Yes, you have a good point. And you are right about minimalism; I think though this is different in the way you state this example; reddit is now made to be annoying to make money with ads and data collection: I believe no one likes that. A better example would be: how about remake hn with shadcn ; I don’t think many would mind if it was still fast (which is not design anyway); it’s functional and clean. Reddit (new) is functional nor fast… that is not all design but js and all kinds of browser functionality hijacking to make it more likely you click on ads, lose your track so you go browse other things etc.


Design and branding matter a lot more than people realize. Not just in terms of appeal - it sets the stage for everything that follows.

Half the social media apps are the same thing: Feed, like, block people, follow, post (with image/video, etc.), hash tags, etc. but the slightest difference in design and branding sets forth a different content platform.
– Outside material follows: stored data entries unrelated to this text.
lemma magma_iso_trans:
  assumes "magma_iso M N" "magma_iso N P"
  shows "magma_iso M P"
proof -
  obtain f where f: "bij_betw f (carrier M) (carrier N)"
    "\<forall>x\<in>carrier M. \<forall>y\<in>carrier M. f (mop M x y) = mop N (f x) (f y)"
    using assms(1) unfolding magma_iso_def by blast
  obtain g where g: "bij_betw g (carrier N) (carrier P)"
    "\<forall>x\<in>carrier N. \<forall>y\<in>carrier N. g (mop N x y) = mop P (g x) (g y)"
    using assms(2) unfolding magma_iso_def by blast
  have "bij_betw (g \<circ> f) (carrier M) (carrier P)"
    using f(1) g(1) by (rule bij_betw_trans)
  moreover have "\<forall>x\<in>carrier M. \<forall>y\<in>carrier M. (g \<circ> f) (mop M x y) = mop P ((g \<circ> f) x) ((g \<circ> f) y)"
    using f g bij_betwE[OF f(1)] by simp
  ultimately show ?thesis
    unfolding magma_iso_def by blast
qed

lemma congruence_equiv: "congruence M \<theta> \<Longrightarrow> equiv (carrier M) \<theta>"
  by (simp add: congruence_def)

lemma congruence_mop:
  "congruence M \<theta> \<Longrightarrow> (x, y) \<in> \<theta> \<Longrightarrow> (x', y') \<in> \<theta> \<Longrightarrow> (mop M x x', mop M y y') \<in> \<theta>"
  unfolding congruence_def by blast

lemma closed_congruenceD:
  assumes "closed_congruence M \<theta>" "x \<in> carrier M" "y \<in> carrier M" "x' \<in> carrier M" "y' \<in> carrier M"
    and "(mop M x x', mop M y y') \<in> \<theta>"
  shows "(x, y) \<in> \<theta>" "(x', y') \<in> \<theta>"
  using assms unfolding closed_congruence_def by blast+

lemma quotient_mop_class:
  assumes \<theta>: "congruence M \<theta>" and x: "x \<in> carrier M" and y: "y \<in> carrier M"
  shows "mop (quotient_magma M \<theta>) (\<theta> `` {x}) (\<theta> `` {y}) = \<theta> `` {mop M x y}"
proof -
  have eq: "equiv (carrier M) \<theta>"
    using \<theta> by (rule congruence_equiv)
  let ?x = "SOME x'. x' \<in> \<theta> `` {x}" and ?y = "SOME y'. y' \<in> \<theta> `` {y}"
  have "?x \<in> \<theta> `` {x}" "?y \<in> \<theta> `` {y}"
    using equiv_class_self[OF eq x] equiv_class_self[OF eq y] by (auto intro: someI)
  then have "(mop M ?x ?y, mop M x y) \<in> \<theta>"
    using eq by (auto intro: congruence_mop[OF \<theta>] elim: equivE symE)
  then show ?thesis
    using eq by (simp add: quotient_magma_def mop_def equiv_class_eq)
qed

lemma equidecomposable_quotient_magma:
  assumes M: "magma M" and \<theta>: "closed_congruence M \<theta>"
  shows "equidecomposable (quotient_magma M \<theta>)"
  unfolding equidecomposable_def carrier_quotient_magma
proof (intro ballI impI)
  have cong: "congruence M \<theta>" and eq: "equiv (carrier M) \<theta>"
    using \<theta> by (simp_all add: closed_congruence_def congruence_def)
  fix X Y X' Y'
  assume "X \<in> carrier M // \<theta>" "Y \<in> carrier M // \<theta>" "X' \<in> carrier M // \<theta>" "Y' \<in> carrier M // \<theta>"
  then obtain x y x' y' where xy: "x \<in> carrier M" "y \<in> carrier M" "x' \<in> carrier M" "y' \<in> carrier M"
    and X: "X = \<theta> `` {x}" "Y = \<theta> `` {y}" "X' = \<theta> `` {x'}" "Y' = \<theta> `` {y'}"
    by (elim quotientE) blast
  assume "mop (quotient_magma M \<theta>) X Y = mop (quotient_magma M \<theta>) X' Y'"
  then have "\<theta> `` {mop M x y} = \<theta> `` {mop M x' y'}"
    using quotient_mop_class[OF cong] xy X by simp
  then have "(mop M x y, mop M x' y') \<in> \<theta>"
    using M xy eq by (simp add: magma_def eq_equiv_class_iff)
  then have "(x, x') \<in> \<theta>" "(y, y') \<in> \<theta>"
    using closed_congruenceD[OF \<theta>] xy by blast+
  then show "X = X' \<and> Y = Y'"
    using X eq by (simp add: equiv_class_eq)
qed

lemma magma_iso_quotient_magmaI:
  assumes M: "magma M" and \<theta>: "congruence M \<theta>" and \<eta>: "congruence N \<eta>"
    and maps: "\<And>x. x \<in> carrier M \<Longrightarrow> f x \<in> carrier N"
    and hom: "\<And>x y. x \<in> carrier M \<Longrightarrow> y \<in> carrier M \<Longrightarrow> f (mop M x y) = mop N (f x) (f y)"
    and reflects: "\<And>x y. x \<in> carrier M \<Longrightarrow> y \<in> carrier M \<Longrightarrow> (f x, f y) \<in> \<eta> \<longleftrightarrow> (x, y) \<in> \<theta>"
    and onto: "\<And>z. z \<in> carrier N \<Longrightarrow> \<exists>x\<in>carrier M. (f x, z) \<in> \<eta>"
  shows "magma_iso (quotient_magma M \<theta>) (quotient_magma N \<eta>)"
proof -
  have eq\<theta>: "equiv (carrier M) \<theta>" and eq\<eta>: "equiv (carrier N) \<eta>"
    using \<theta> \<eta> by (simp_all add: congruence_equiv)
  define F where "F X = \<eta> `` (f ` X)" for X
  have F_class: "F (\<theta> `` {x}) = \<eta> `` {f x}" if x: "x \<in> carrier M" for x
  proof -
    have "\<eta> `` {f x'} = \<eta> `` {f x}" if "(x, x') \<in> \<theta>" for x'
      using that reflects[of x x'] x eq\<theta> eq\<eta>
      by (metis equiv_class_eq_iff equiv_class_eq)
    then show ?thesis
      using equiv_class_self[OF eq\<theta> x] unfolding F_def by blast
  qed
  have "bij_betw F (carrier M // \<theta>) (carrier N // \<eta>)"
  proof (rule bij_betw_imageI)
    show "inj_on F (carrier M // \<theta>)"
    proof (rule inj_onI)
      fix X Y assume "X \<in> carrier M // \<theta>" "Y \<in> carrier M // \<theta>" and FXY: "F X = F Y"
      then obtain x y where x: "x \<in> carrier M" "X = \<theta> `` {x}" and y: "y \<in> carrier M" "Y = \<theta> `` {y}"
        by (elim quotientE) blast
      then have "(f x, f y) \<in> \<eta>"
        using FXY F_class maps eq\<eta> by (simp add: eq_equiv_class_iff)
      then show "X = Y"
        using reflects x y eq\<theta> by (simp add: equiv_class_eq)
    qed
    show "F ` (carrier M // \<theta>) = carrier N // \<eta>"
    proof (intro equalityI subsetI)
      fix Z assume "Z \<in> F ` (carrier M // \<theta>)"
      then show "Z \<in> carrier N // \<eta>"
        using F_class maps by (auto elim!: quotientE simp: quotientI)
    next
      fix Z assume "Z \<in> carrier N // \<eta>"
      then obtain z where z: "z \<in> carrier N" "Z = \<eta> `` {z}"
        by (elim quotientE) blast
      then obtain x where x: "x \<in> carrier M" "(f x, z) \<in> \<eta>"
        using onto by blast
      then have "F (\<theta> `` {x}) = Z"
        using F_class z eq\<eta> by (simp add: equiv_class_eq)
      then show "Z \<in> F ` (carrier M // \<theta>)"
        using x by (auto intro: quotientI)
    qed
  qed
  moreover have "F (mop (quotient_magma M \<theta>) X Y) = mop (quotient_magma N \<eta>) (F X) (F Y)"
    if XY: "X \<in> carrier M // \<theta>" "Y \<in> carrier M // \<theta>" for X Y
  proof -
    obtain x y where x: "x \<in> carrier M" "X = \<theta> `` {x}" and y: "y \<in> carrier M" "Y = \<theta> `` {y}"
      using XY by (elim quotientE) blast
    then show ?thesis
      using M by (simp add: magma_def quotient_mop_class \<theta> \<eta> F_class maps hom)
  qed
  ultimately show ?thesis
    unfolding magma_iso_def carrier_quotient_magma by blast
qed

section \<open>Closed congruences on free magmas\<close>

abbreviation words :: "'a set \<Rightarrow> 'a fm set" where
  "words A \<equiv> {t. letters t \<subseteq> A}"

lemma free_magma_simps [simp]:
  "carrier (free_magma A) = words A" "mop (free_magma A) = Op"
  by (simp_all add: carrier_def mop_def free_magma_def)

lemma magma_free_magma: "magma (free_magma A)"
  by (simp add: magma_def)

inductive_set ccong :: "'a set \<Rightarrow> 'a fm rel \<Rightarrow> 'a fm rel" for A R where
  ccong_rel: "(u, v) \<in> R \<Longrightarrow> (u, v) \<in> ccong A R"
| ccong_refl: "letters u \<subseteq> A \<Longrightarrow> (u, u) \<in> ccong A R"
| ccong_sym: "(u, v) \<in> ccong A R \<Longrightarrow> (v, u) \<in> ccong A R"
| ccong_trans: "(u, v) \<in> ccong A R \<Longrightarrow> (v, w) \<in> ccong A R \<Longrightarrow> (u, w) \<in> ccong A R"
| ccong_Op: "(x, y) \<in> ccong A R \<Longrightarrow> (x', y') \<in> ccong A R \<Longrightarrow> (Op x x', Op y y') \<in> ccong A R"
| ccong_OpD1: "(Op x x', Op y y') \<in> ccong A R \<Longrightarrow> (x, y) \<in> ccong A R"
| ccong_OpD2: "(Op x x', Op y y') \<in> ccong A R \<Longrightarrow> (x', y') \<in> ccong A R"

lemma ccong_words:
  assumes "R \<subseteq> words A \<times> words A"
  shows "ccong A R \<subseteq> words A \<times> words A"
proof -
  have "letters u \<subseteq> A \<and> letters v \<subseteq> A" if "(u, v) \<in> ccong A R" for u v
    using that by induction (use assms in auto)
  then show ?thesis
    by auto
qed

lemma closed_congruence_ccong:
  assumes "R \<subseteq> words A \<times> words A"
  shows "closed_congruence (free_magma A) (ccong A R)"
proof -
  have "equiv (words A) (ccong A R)"
  proof (rule equivI)
    show "ccong A R \<subseteq> words A \<times> words A"
      by (rule ccong_words[OF assms])
    show "refl_on (words A) (ccong A R)"
      using ccong_words[OF assms] by (auto intro!: refl_onI ccong_refl)
    show "sym (ccong A R)"
      by (rule symI) (rule ccong_sym)
    show "trans (ccong A R)"
      by (rule transI) (rule ccong_trans)
  qed
  then show ?thesis
    unfolding closed_congruence_def congruence_def free_magma_simps
    by (blast intro: ccong_Op dest: ccong_OpD1 ccong_OpD2)
qed

lemma ccong_least:
  assumes \<theta>: "closed_congruence (free_magma A) \<theta>" and R: "R \<subseteq> \<theta>"
  shows "ccong A R \<subseteq> \<theta>"
proof -
  have eq: "equiv (words A) \<theta>" and cong: "congruence (free_magma A) \<theta>"
    using \<theta> by (simp_all add: closed_congruence_def congruence_def)
  have closed: "(x, y) \<in> \<theta> \<and> (x', y') \<in> \<theta>" if "(Op x x', Op y y') \<in> \<theta>" for x x' y y'
  proof -
    have "(Op x x', Op y y') \<in> words A \<times> words A"
      using that equiv_type[OF eq] by blast
    then have "x \<in> words A" "x' \<in> words A" "y \<in> words A" "y' \<in> words A"
      by auto
    then show ?thesis
      using closed_congruenceD[OF \<theta>, of x y x' y'] that by simp
  qed
  have "(u, v) \<in> \<theta>" if "(u, v) \<in> ccong A R" for u v
    using that
  proof induction
    case (ccong_rel u v)
    then show ?case using R by blast
  next
    case (ccong_refl u)
    then show ?case using eq by (simp add: equiv_def refl_on_def)
  next
    case (ccong_sym u v)
    then show ?case using eq by (simp add: equiv_def symD)
  next
    case (ccong_trans u v w)
    then show ?case using eq by (meson equivE transD)
  next
    case (ccong_Op x y x' y')
    then show ?case using congruence_mop[OF cong] by simp
  next
    case (ccong_OpD1 x x' y y')
    then show ?case using closed by blast
  next
    case (ccong_OpD2 x x' y y')
    then show ?case using closed by blast
  qed
  then show ?thesis
    by auto
qed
UI/UX isn't just aesthetics, it's utility and a huge part of what the thing is.


There are myriad of software that have been super popular despite having dodgy UI. But the whole point is not to care if your app is popular or not if the whole point is enjoying the process of building the app more than seeing it used by many.


that's the point of the article- that you shouldn't be worried about making things for something else if they're unlikely to care either way

with that said, I agree with your overall point, if you're determined to make something popular you shouldnt skimp on design


Yeah, I think another way to think about this is "don't get distracted with cultivating and maintaining your brand", rather than "don't find any particular way that you enjoy doing the thing."

One of those is performative and creates pressure and expectation, often at the expense of personal enjoyment and rest. The other is just finding the bit that's interesting to you.


I think the sentiment is ok, but like you, I think the overall message is completely nonsense. It’s obviously fine to do things you aren’t enjoying as part of a process of to achieve your goals, and that doesn’t need to be about outside validation at all. I’m not very good at design, I don’t too much enjoy the process. Well I do enjoy parts of it when the hyperfocus sets in, but as a whole I don’t enjoy the process. I still do it, not because I care what anyone else will think about the end result but because, I, care about what, I, will think about it.

I’m sure the author is doing some sort of simplification of things. A lot of learning processes aren’t necessarily enjoyable and almost none are enjoyable all the time. I spend years learning how to airbrush while absolutely hating the process because I wanted to be able to do certain things. Now that I can actually make the stuff I envision I enjoy the process, but sucking at the beginning? Yeah that sucked. Hell, even if your end goal, is, outside validation… go for it!

But I do agree with the whole “life is short, so what you love” sentiment. It’s just that you could put it so much better and less condescending than the author does here.


It might be better to interpret in the context of the subtitle: “Advice for myself around leisure activities.”

If my advice is to myself, I don’t see how it is condescending. It seems by definition that it can’t be. I cannot pretend to be above me.

My summary of the sentiment would be “don’t allow the weight of imagined judgmental eyeballs to steal your joy in trying or pursuing your personal creative endeavour”

There is an irony in the blog now being seen at HN scale and judged.